The most dangerous time for a brand to become quiet is often when everything appears to work.

Sales are steady. Operations are efficient. Customers know the product. The brand has earned trust. Silence can feel like confidence. Why keep explaining yourself when the market already knows who you are?

Because operational excellence is not the same as category leadership.

Operational excellence protects availability, service, consistency and customer confidence. Category leadership does something different. It shapes what people believe the category should mean next.

Categories are not defined only by brands that sell the most, operate best or have been trusted longest. They are also defined by the brands that keep introducing new language, comparisons and expectations into the market.

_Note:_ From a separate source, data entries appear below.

(* Let $\mathbb{K}$ be any field and $n\geq 4$. Let $S$ be a linear subspace of $\mathrm{S}_n(\mathbb{K})$ in which every matrix has rank at most $3$. For $M\in S$ let $P(M)\in\mathrm{S}_{n-1}(\mathbb{K})$ be the upper-left $(n-1)\times(n-1)$ submatrix of $M$. Assume that $P(S)\subset\mathrm{WS}_{n-1,1,1}(\mathbb{K})$ and $\dim P(S)>5$. Then $S$ is congruent to a subspace of $\mathrm{WS}_{n,1,1}(\mathbb{K})$.
   Context: $\mathrm{S}_p(\mathbb{K})$ denotes the $p\times p$ symmetric matrices. $\mathrm{WS}_{p,1,1}(\mathbb{K})$ is the space of $M=(m_{i,j})\in\mathrm{S}_p(\mathbb{K})$ with $m_{i,j}=0$ whenever $i>1$, $j>1$ and $\max(i,j)>2$. Subsets $\mathcal{V},\mathcal{W}$ of $\mathrm{M}_n(\mathbb{K})$ are congruent if $\mathcal{V}=Q\mathcal{W}Q^T$ for some $Q\in\mathrm{GL}_n(\mathbb{K})$. *)

theory Defs
  imports "Jordan_Normal_Form.DL_Rank"
begin

definition sym_mats :: "nat \<Rightarrow> 'a::field mat set" where
  "sym_mats p = {M \<in> carrier_mat p p. transpose_mat M = M}"

text \<open>WS_{p,1,1}: symmetric M with m_{i,j} = 0 whenever i > 1, j > 1, max(i,j) > 2
  (1-based indices in the paper; 0-based here: i >= 1, j >= 1, max i j >= 2).\<close>
definition WS11 :: "nat \<Rightarrow> 'a::field mat set" where
  "WS11 p = {M \<in> sym_mats p. \<forall>i<p. \<forall>j<p. 1 \<le> i \<and> 1 \<le> j \<and> 2 \<le> max i j \<longrightarrow> M $$ (i,j) = 0}"

definition mat_subspace :: "nat \<Rightarrow> 'a::field mat set \<Rightarrow> bool" where
  "mat_subspace n V = subspace class_ring V (module_mat TYPE('a) n n)"

definition mat_subspace_dim :: "nat \<Rightarrow> 'a::field mat set \<Rightarrow> nat" where
  "mat_subspace_dim n V = vectorspace.dim class_ring ((module_mat TYPE('a) n n)\<lparr>carrier := V\<rparr>)"
(* For every real number $r\geq 0$ there exists a finite-dimensional radical square zero algebra $A$ of the form $\Bbbk Q/(\geq 2)$, $Q$ a finite quiver, such that $\operatorname{fpd}(A\text{-mod})$ is irrational and $\operatorname{fpd}(A\text{-mod})>r$.
   Context: $\Bbbk$ is an algebraically closed field; $(\geq 2)$ is the ideal of the path algebra generated by paths of length $\geq 2$; $A\text{-mod}$ is the category of finite-dimensional left $A$-modules. For a $\Bbbk$-linear abelian category $\mathcal C$: an object $M$ is a brick if $\mathrm{Hom}(M,M)=\Bbbk$; a finite set $\phi=\{X_1,\dots,X_k\}$ of nonzero objects is a brick set if each $X_i$ is a brick and $\dim\mathrm{Hom}(X_i,X_j)=\delta_{ij}$; its adjacency matrix is $A(\phi)=(\dim\mathrm{Ext}^1_{\mathcal C}(X_i,X_j))_{i,j}$; and $\operatorname{fpd}(\mathcal C)=\sup_{\phi}\rho(A(\phi))$, the supremum over all brick sets of the spectral radius $\rho$. *)

theory Defs
  imports "Jordan_Normal_Form.Spectral_Radius" "HOL-Library.Function_Algebras"
    "HOL-Computational_Algebra.Polynomial" "HOL-Library.Extended_Real"
begin

text \<open>A finite quiver: number of vertices n (vertices 0..n-1) and a list of arrows,
  arrow number a going from fst (arrows ! a) to snd (arrows ! a).
  Multiple arrows and loops are allowed.\<close>
type_synonym quiver = "nat \<times> (nat \<times> nat) list"

definition nverts :: "quiver \<Rightarrow> nat" where "nverts Q = fst Q"
definition narrs :: "quiver \<Rightarrow> nat" where "narrs Q = length (snd Q)"
definition src :: "quiver \<Rightarrow> nat \<Rightarrow> nat" where "src Q a = fst (snd Q ! a)"
definition tgt :: "quiver \<Rightarrow> nat \<Rightarrow> nat" where "tgt Q a = snd (snd Q ! a)"

definition finite_quiver :: "quiver \<Rightarrow> bool" where
  "finite_quiver Q \<longleftrightarrow> (\<forall>a<narrs Q. src Q a < nverts Q \<and> tgt Q a < nverts Q)"

definition alg_closed :: "'k::field itself \<Rightarrow> bool" where
  "alg_closed _ \<longleftrightarrow> (\<forall>p :: 'k poly. degree p > 0 \<longrightarrow> (\<exists>x. poly p x = 0))"

text \<open>Finite-dimensional modules over kQ/(paths of length >= 2) = representations of Q
  in which every composite of two consecutive arrows acts as zero.\<close>
record 'k rep =
  dimv :: "nat \<Rightarrow> nat"
  maps :: "nat \<Rightarrow> 'k mat"

definition is_rep :: "quiver \<Rightarrow> 'k::field rep \<Rightarrow> bool" where
  "is_rep Q M \<longleftrightarrow>
     (\<forall>v. nverts Q \<le> v \<longrightarrow> dimv M v = 0) \<and>
     (\<forall>a<narrs Q. maps M a \<in> carrier_mat (dimv M (tgt Q a)) (dimv M (src Q a))) \<and>
     (\<forall>a<narrs Q. \<forall>b<narrs Q. tgt Q a = src Q b \<longrightarrow>
        maps M b * maps M a = 0\<^sub>m (dimv M (tgt Q b)) (dimv M (src Q a)))"

definition nonzero_rep :: "quiver \<Rightarrow> 'k::field rep \<Rightarrow> bool" where
  "nonzero_rep Q M \<longleftrightarrow> (\<exists>v<nverts Q. dimv M v > 0)"

definition tomat :: "nat \<Rightarrow> nat \<Rightarrow> (nat \<Rightarrow> nat \<Rightarrow> 'k) \<Rightarrow> 'k mat" where
  "tomat r c f = mat r c (\<lambda>(i, j). f i j)"

definition scale3 :: "'k::field \<Rightarrow> (nat \<Rightarrow> nat \<Rightarrow> nat \<Rightarrow> 'k) \<Rightarrow> (nat \<Rightarrow> nat \<Rightarrow> nat \<Rightarrow> 'k)" where
  "scale3 c f = (\<lambda>v i j. c * f v i j)"

definition kdim :: "(nat \<Rightarrow> nat \<Rightarrow> nat \<Rightarrow> 'k::field) set \<Rightarrow> nat" where
  "kdim S = vector_space.dim scale3 S"

text \<open>Hom(X,Y): families of linear maps f_v : X_v \<rightarrow> Y_v (as matrices), commuting with arrows.\<close>
definition homs :: "quiver \<Rightarrow> 'k::field rep \<Rightarrow> 'k rep \<Rightarrow> (nat \<Rightarrow> nat \<Rightarrow> nat \<Rightarrow> 'k) set" where
  "homs Q X Y = {f.
     (\<forall>v i j. \<not> (v < nverts Q \<and> i < dimv Y v \<and> j < dimv X v) \<longrightarrow> f v i j = 0) \<and>
     (\<forall>a<narrs Q.
        maps Y a * tomat (dimv Y (src Q a)) (dimv X (src Q a)) (f (src Q a)) =
        tomat (dimv Y (tgt Q a)) (dimv X (tgt Q a)) (f (tgt Q a)) * maps X a)}"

When strong brands go quiet, new definitions enter

This is not about established automotive brands losing relevance. Range Rover, Mercedes-Benz, BMW, Lexus, Porsche, Bentley and Rolls-Royce continue to hold powerful advantages in heritage, service infrastructure, resale confidence and cultural meaning. In the Middle East, those strengths matter because vehicles signal taste, status, family practicality and trust.

The risk is different. When strong brands become relatively quiet about what the category should become next, they leave room for others to define the conversation.

That point became clearer this week when Ferrari unveiled the Luce, its first fully electric car. Reported at approximately USD 640,000, the Luce matters less for its performance figures than for what it signals: even one of the world’s strongest luxury marques is choosing to “talk in a different language” as electric luxury changes the codes of desirability. That does not weaken Ferrari’s heritage. It shows that category leadership has to be renewed, even by brands that already own the category in memory.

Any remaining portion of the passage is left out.